* EXERCISE DESCRIPTION
Using the listing below, return every line that includes "open".

------ EXTRACTED DATA

definition r13 :: "('i \<Rightarrow> 'i \<Rightarrow> 'k::comm_ring) \<Rightarrow> ('i \<Rightarrow> 'k) \<Rightarrow> ('i \<times> 'i \<times> 'i \<Rightarrow> 'k)" where
  "r13 r one = (\<lambda>(i, j, k). r i k * one j)"

definition r23 :: "('i \<Rightarrow> 'i \<Rightarrow> 'k::comm_ring) \<Rightarrow> ('i \<Rightarrow> 'k) \<Rightarrow> ('i \<times> 'i \<times> 'i \<Rightarrow> 'k)" where
  "r23 r one = (\<lambda>(i, j, k). one i * r j k)"

definition cybe :: "('i::finite \<Rightarrow> 'i \<Rightarrow> 'i \<Rightarrow> 'k::comm_ring) \<Rightarrow> ('i \<Rightarrow> 'k) \<Rightarrow> ('i \<Rightarrow> 'i \<Rightarrow> 'k) \<Rightarrow> ('i \<times> 'i \<times> 'i \<Rightarrow> 'k)" where
  "cybe c one r = (\<lambda>t. comm3 c (r12 r one) (r13 r one) t + comm3 c (r12 r one) (r23 r one) t
                  + comm3 c (r13 r one) (r23 r one) t)"

definition skew2 :: "('i \<Rightarrow> 'i \<Rightarrow> 'k::comm_ring) \<Rightarrow> bool" where
  "skew2 r \<longleftrightarrow> (\<forall>i j. r j i = - r i j)"

definition fully_symmetric3 :: "('i \<times> 'i \<times> 'i \<Rightarrow> 'k) \<Rightarrow> bool" where
  "fully_symmetric3 T \<longleftrightarrow> (\<forall>i j k.
      T (i, j, k) = T (j, i, k) \<and> T (i, j, k) = T (i, k, j) \<and> T (i, j, k) = T (k, j, i) \<and>
      T (i, j, k) = T (j, k, i) \<and> T (i, j, k) = T (k, i, j))"

definition delta3 :: "('i \<Rightarrow> 'k::comm_ring) \<Rightarrow> ('i \<Rightarrow> 'k) \<Rightarrow> ('i \<times> 'i \<times> 'i \<Rightarrow> 'k)" where
  "delta3 one x = (\<lambda>(i, j, k). x i * one j * one k + one i * x j * one k + one i * one j * x k)"

end

theory Submission
  imports Defs
begin
lemma deviation_gain_lie_entering_top_k:
  assumes "z' \<noteq> snd (A i)" and "\<not> in_top_k n k f A i" and "in_top_k n k f (A(i := (fst (A i), z'))) i"
  shows "deviation_gain n k f c \<phi> A i z' = 1 - (1 + c) * \<phi> (A(i := (fst (A i), z'))) i"
  using assms by (simp add: deviation_gain_def utility_def alloc_def Let_def algebra_simps)

lemma budget_ok_uniform_k:
  assumes "k \<ge> 1" and "B \<ge> 0"
  shows "budget_ok n I s B (uniform_k n k f B)"
  unfolding budget_ok_def
proof (intro ballI conjI allI impI)
  fix A i
  show "0 \<le> uniform_k n k f B A i" "uniform_k n k f B A i \<le> 1"
    using assms by (auto simp: uniform_k_def)
next
  fix A
  define p where "p = min 1 (B / real k)"
  have "(\<Sum>i<n. uniform_k n k f B A i) = p * real (card {i \<in> {..<n}. in_top_k n k f A i})"
    by (simp add: uniform_k_def p_def sum.If_cases Int_def)
  also have "\<dots> \<le> B / real k * real k"
    using card_in_top_k_le[of n k f A] assms
    by (intro mult_mono) (auto simp: p_def)
  also have "\<dots> = B"
    using assms by simp
  finally show "(\<Sum>i<n. uniform_k n k f B A i) \<le> B" .
qed

lemma deviation_gain_uniform_k:
  assumes "k \<ge> 1" and "B \<ge> 0" and "c \<ge> 0"
  shows "deviation_gain n k f c (uniform_k n k f B) A i z' \<le> 0
    \<or> z' \<noteq> snd (A i) \<and> \<not> in_top_k n k f A i \<and> in_top_k n k f (A(i := (fst (A i), z'))) i
      \<and> deviation_gain n k f c (uniform_k n k f B) A i z' = 1 - (1 + c) * min 1 (B / real k)"
proof -
  have "0 \<le> (1 + c) * min 1 (B / real k)"
    using assms by simp
  then show ?thesis
    using assms
    by (auto simp: deviation_gain_def utility_def uniform_k_def alloc_def Let_def algebra_simps)
qed

lemma ex_le_average:
  fixes g :: "'a \<Rightarrow> real"
  assumes "finite K" and "K \<noteq> {}" and "sum g K \<le> B"
  shows "\<exists>j \<in> K. g j \<le> B / real (card K)"
proof (rule ccontr)
  assume "\<not> ?thesis"
  then have "(\<Sum>j\<in>K. B / real (card K)) < sum g K"
    using assms(1,2) by (intro sum_strict_mono) auto
  with assms show False
    by simp
qed

lemma budget_ok_ex_low_audit:
  assumes "budget_ok n I s B \<phi>" and "P \<in> profiles n I s" and "1 \<le> k" and "k \<le> n"
  shows "\<exists>j<k. 0 \<le> \<phi> P j \<and> \<phi> P j \<le> min 1 (B / real k)"
proof -
  have prob: "\<forall>j<n. 0 \<le> \<phi> P j \<and> \<phi> P j \<le> 1" and "(\<Sum>j<n. \<phi> P j) \<le> B"
    using assms(1,2) by (auto simp: budget_ok_def)
  moreover have "(\<Sum>j<k. \<phi> P j) \<le> (\<Sum>j<n. \<phi> P j)"
    using prob assms(4) by (intro sum_mono2) auto
  ultimately obtain j where "j < k" and "\<phi> P j \<le> B / real k"
    using ex_le_average[of "{..<k}" "\<phi> P" B] assms(3) by (auto simp: lessThan_empty_iff)
  with prob assms(4) show ?thesis
    by auto
qed

lemma eps_DSIC_lower_bound:
  assumes "k \<ge> 1" and "c \<ge> 0"
    and A: "A \<in> profiles n I s" and "i < n" and z': "z' \<in> self_types I s"
    and loses: "\<not> in_top_k n k f A i" and wins: "in_top_k n k f (A(i := (fst (A i), z'))) i"
    and budget: "budget_ok n I s B \<phi>" and DSIC: "eps_DSIC n k I s f c \<phi> \<epsilon>"
  shows "1 - (1 + c) * min 1 (B / real k) \<le> \<epsilon>"
proof -
  define x where "x = fst (A i)"
  define z where "z = snd (A i)"
  have score_lt: "f x z < f x z'"
  proof (rule ccontr)
    assume "\<not> f x z < f x z'"
    then have "in_top_k n k f A i"
      using in_top_k_if_score_le[OF wins] by (simp add: score_def x_def z_def)
    with loses show False ..
  qed
  have "k < n"
    using not_in_top_k_imp_less[OF \<open>i < n\<close> loses] .
  define P where "P = (\<lambda>j. if j < n then (x, z') else undefined)"
  have P: "P \<in> profiles n I s"
    unfolding P_def using z' by (rule constant_profile_in_profiles)
  obtain j where "j < k" and audit_j: "0 \<le> \<phi> P j" "\<phi> P j \<le> min 1 (B / real k)"
    using budget_ok_ex_low_audit[OF budget P \<open>k \<ge> 1\<close>] \<open>k < n\<close> by auto
  have "j < n"
    using \<open>j < k\<close> \<open>k < n\<close> by simp
  define Q where "Q = P(j := (x, z))"
  have Q: "Q \<in> profiles n I s"
    unfolding Q_def using P \<open>j < n\<close> snd_profile_in_self_types[OF A \<open>i < n\<close>]
    by (simp add: z_def profile_update_in_profiles)
  have lie_Q: "Q(j := (fst (Q j), z')) = P"
    using \<open>j < n\<close> by (auto simp: Q_def P_def fun_eq_iff)
  have "\<not> in_top_k n k f Q j"
    using score_lt \<open>j < n\<close> \<open>k < n\<close>
    by (intro not_in_top_k_if_lowest_score) (auto simp: Q_def P_def score_def)
  moreover have "in_top_k n k f P j"
    using \<open>j < n\<close> \<open>j < k\<close>
    by (intro in_top_k_if_scores_equal[of n f P "f x z'"]) (simp_all add: P_def score_def)
  moreover have "z' \<noteq> snd (Q j)"
    using score_lt by (auto simp: Q_def)
  ultimately have gain_Q: "deviation_gain n k f c \<phi> Q j z' = 1 - (1 + c) * \<phi> P j"
    using deviation_gain_lie_entering_top_k[of z' Q j] lie_Q by simp
  have "deviation_gain n k f c \<phi> Q j z' \<le> \<epsilon>"
    using DSIC Q \<open>j < n\<close> z' by (simp add: eps_DSIC_iff_deviation_gain_le)
  moreover have "(1 + c) * \<phi> P j \<le> (1 + c) * min 1 (B / real k)"
    using audit_j \<open>c \<ge> 0\<close> by (intro mult_left_mono) auto
  ultimately show ?thesis
    using gain_Q by linarith
qed

lemma deviation_gain_uniform_k_le_eps_DSIC:
  assumes "k \<ge> 1" and "B \<ge> 0" and "c \<ge> 0"
    and "A \<in> profiles n I s" and "i < n" and "z' \<in> self_types I s"
    and "budget_ok n I s B \<phi>" and "eps_DSIC n k I s f c \<phi> \<epsilon>"
  shows "deviation_gain n k f c (uniform_k n k f B) A i z' \<le> \<epsilon>"
  using deviation_gain_uniform_k[OF assms(1-3), of n f A i z']
proof
  assume "deviation_gain n k f c (uniform_k n k f B) A i z' \<le> 0"
  with eps_DSIC_nonneg[OF assms(8,4,5)] show ?thesis
    by linarith
next
  assume "z' \<noteq> snd (A i) \<and> \<not> in_top_k n k f A i \<and> in_top_k n k f (A(i := (fst (A i), z'))) i
    \<and> deviation_gain n k f c (uniform_k n k f B) A i z' = 1 - (1 + c) * min 1 (B / real k)"
  with eps_DSIC_lower_bound[OF assms(1,3-6) _ _ assms(7,8)] show ?thesis
    by simp
qed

------------

* RESULT OF THE TASK
    using not_in_top_k_imp_less[OF \<open>i < n\<close> loses] .
    using budget_ok_ex_low_audit[OF budget P \<open>k \<ge> 1\<close>] \<open>k < n\<close> by auto
    using \<open>j < k\<close> \<open>k < n\<close> by simp
    unfolding Q_def using P \<open>j < n\<close> snd_profile_in_self_types[OF A \<open>i < n\<close>]
    using \<open>j < n\<close> by (auto simp: Q_def P_def fun_eq_iff)
    using score_lt \<open>j < n\<close> \<open>k < n\<close>
    using \<open>j < n\<close> \<open>j < k\<close>
    using DSIC Q \<open>j < n\<close> z' by (simp add: eps_DSIC_iff_deviation_gain_le)
    using audit_j \<open>c \<ge> 0\<close> by (intro mult_left_mono) auto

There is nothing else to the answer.